Tüm bunların gerçekleşmesinde ulus-devletin homojenleştirmeye olan etkisi de yadsınamayacak boyuttadır. Tek hukuk, tek dil gibi politikalarla politik homojenleştirme sağlanmış bununla beraber de finansın dolaşımı kolaylaştırılmıştır.[3] Dolayısıyla finansın dolaşımının kolaylaşması da küreselleşmeyi kolaylaştırmıştır.
Kültür, tarihi süreçte, bireyin içinde bulunduğu topluluğun istek ve beklentilerine uygun şekilde ve o topluluğun içerisinde yaşayarak öğrendiği ve bu şekilde de nesillere aktarılan, bunun sonucu olarak da topluluk içerisinde kabul gördüğü kavramdır. [4] Bu yönüyle her kültür, bulunduğu coğrafya faktörüne de bağlı olarak belirli üretim ve tüketim ilişkileri ekseninde hareket etmekte idi. Gelinen noktada bu süreç değişmiştir. Bunun nedeni iletişim ve bilgi teknolojilerinde yaşanan gelişmelerle birlikte bireyin alışkanlıkları üzerinde belirleyici unsurun içinde bulunduğu toplumdan çok daha fazlası olmasıdır. Bununla beraber kültürler de tek tipleşmiş, küreselleşmenin etkisiyle bireyin tüketim alışkanlıkları değişmekle kalmamış, doğrudan yeni homojen kültürden etkilenir hale gelmiştir. Tüketme arzusu toplumların ve özellikle de genç nesillerin yaşama amacı haline gelmiştir. [5] İnsan bu amaç doğrultusunda önce araçsallaştırılmış daha sonra ise tüketilen olgular arasında yer almış, tükenmiştir. İnsanlar "anı yaşamak" duygusunun vereceği mutluluk beklentisi üzerinden popüler kültürün dayatmalarını sevimli görmeye başlamıştır.

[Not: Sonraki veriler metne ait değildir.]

(* Let $d\in\mathbb N$, $1\le p<\infty$, $\alpha_1,\dots,\alpha_d\in\mathbb R$, and for each $i$ let $q_i=q_i(n)=p+\frac{\alpha_i+\varepsilon_i(n)}{\log n}$ where $\varepsilon_i(n)\to0$ as $n\to\infty$ and $q_i(n)\ge1$ for all $n\ge2$. Let $s_1,\dots,s_d\ge0$ and $I_\star=\{i:s_i\star e^{-\alpha_i/p^2}\}$ for $\star\in\{<,>\}$. Then, as $n\to\infty$, \[ \frac{\mathrm{vol}_n(\mathbb B_p^n\cap s_1\mathbb B_{q_1}^n\cap\dots\cap s_d\mathbb B_{q_d}^n)}{\mathrm{vol}_n(\mathbb B_p^n)}\to\begin{cases}1 & |I_>|=d,\\ 0 & |I_<|\ge1.\end{cases} \]
   Context: $\mathbb B_s^n=\{x\in\mathbb R^n:\|x\|_s\le1\}$ with $\|x\|_s=(\sum_i|x_i|^s)^{1/s}$; $\mathrm{vol}_n$ is Lebesgue measure. *)

theory Defs
  imports "HOL-Analysis.Analysis"
begin

text \<open>Points of R^n are represented as extensional functions on the index set {..<n}
  (the carrier of the product measure lebesgue_n n below).\<close>

definition lpnorm :: "nat \<Rightarrow> real \<Rightarrow> (nat \<Rightarrow> real) \<Rightarrow> real" where
  "lpnorm n s x = (\<Sum>i<n. \<bar>x i\<bar> powr s) powr (1 / s)"

definition lpball :: "nat \<Rightarrow> real \<Rightarrow> (nat \<Rightarrow> real) set" where
  "lpball n s = {x \<in> PiE {..<n} (\<lambda>_. UNIV). lpnorm n s x \<le> 1}"

definition scale_set :: "nat \<Rightarrow> real \<Rightarrow> (nat \<Rightarrow> real) set \<Rightarrow> (nat \<Rightarrow> real) set" where
  "scale_set n t A = (\<lambda>x. \<lambda>i\<in>{..<n}. t * x i) ` A"

abbreviation lebesgue_n :: "nat \<Rightarrow> (nat \<Rightarrow> real) measure" where
  "lebesgue_n n \<equiv> PiM {..<n} (\<lambda>_. lborel)"
lemma chi_Gcells_Int_bcells:
  "chi (Gcells T A \<inter> bcells T)
     = int (card (A \<inter> bvertices T)) - int (card (edges_meeting T A \<inter> bedges T))"
proof -
  have "chi (Gcells T A \<inter> bcells T) = int (card {c \<in> Gcells T A \<inter> bcells T. card c = 1})
      - int (card {c \<in> Gcells T A \<inter> bcells T. card c = 2})
      + int (card {c \<in> Gcells T A \<inter> bcells T. card c = 3})"
    using card_bcell by (intro chi_eq_card_by_dimension) (auto simp: finite_Gcells)
  also have "{c \<in> Gcells T A \<inter> bcells T. card c = 3} = {}"
    using card_bcell by fastforce
  finally show ?thesis
    unfolding Gcells_bcells_card_1 Gcells_bcells_card_2 by (simp add: card_image)
qed


lemma finite_edge_triangle_incidences: "finite {(e, t). t \<in> Fset T A \<and> card e = 2 \<and> e \<subseteq> t}"
proof (rule finite_subset)
  show "{(e, t). t \<in> Fset T A \<and> card e = 2 \<and> e \<subseteq> t} \<subseteq> Pow (\<Union>T) \<times> T"
    unfolding Fset_def by auto
  show "finite (Pow (\<Union>T) \<times> T)"
    using finite_complex finite_triangle by blast
qed

lemma card_edge_triangle_incidences:
  "card {(e, t). t \<in> Fset T A \<and> card e = 2 \<and> e \<subseteq> t} = 3 * card (Fset T A)"
proof -
  have "{(e, t). t \<in> Fset T A \<and> card e = 2 \<and> e \<subseteq> t}
      = prod.swap ` (SIGMA t:Fset T A. {e. e \<subseteq> t \<and> card e = 2})"
    by force
  then have "card {(e, t). t \<in> Fset T A \<and> card e = 2 \<and> e \<subseteq> t}
      = card (SIGMA t:Fset T A. {e. e \<subseteq> t \<and> card e = 2})"
    by (simp add: card_image)
  also have "\<dots> = (\<Sum>t\<in>Fset T A. card {e. e \<subseteq> t \<and> card e = 2})"
    using finite_complex finite_triangle unfolding Fset_def by (intro card_SigmaI) auto
  also have "\<dots> = (\<Sum>t\<in>Fset T A. 3)"
    using card_two_subsets_of_triangle finite_triangle card_triangle
    unfolding Fset_def by (intro sum.cong) auto
  finally show ?thesis
    by simp
qed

Kapitalist sistem kar elde etmek amacıyla meta üretmektedir. Meta somut bir değer üzerinden oluşturulabileceği gibi soyut bir kavram ya da değer üzerinden de oluşturulabilmektedir. Günümüzde meta bilişim sistemlerindeki gelişmeler vasıtasıyla daha çok duygular üzerinden oluşturulmaktadır. Meta aracılığıyla ortaya bir değer çıkmakta ve bu değer de paraya dönüşerek karlılık sağlamaktadır. Marx'a göre tüketim araçları kapitalizmin metalarıdır. Tüketimi ikiye ayıran Marx, gerekli ve lüks araçlar ayrımına gitmiştir. Lüks tüketim araçları kapitalist sınıfın bir üretimi olup tüketicilerin ihtiyaçları için değil yalnızca pazarda satış ve kar elde etme maksadıyla üretilmektedirler. Freud ise insanları tüketime iten unsurun hayvani bir içgüdü olduğunu ve insanın özyapısı tarafından haz elde etmek ve doyum sağlamak amacıyla buna yönlendirdiğini düşünmektedir. Kapitalizm ise her insanın bulunduğu çağın şartları içerisinde güncel bir haz türü ile aldatarak kişiyi tüketime yönlendirmektedir.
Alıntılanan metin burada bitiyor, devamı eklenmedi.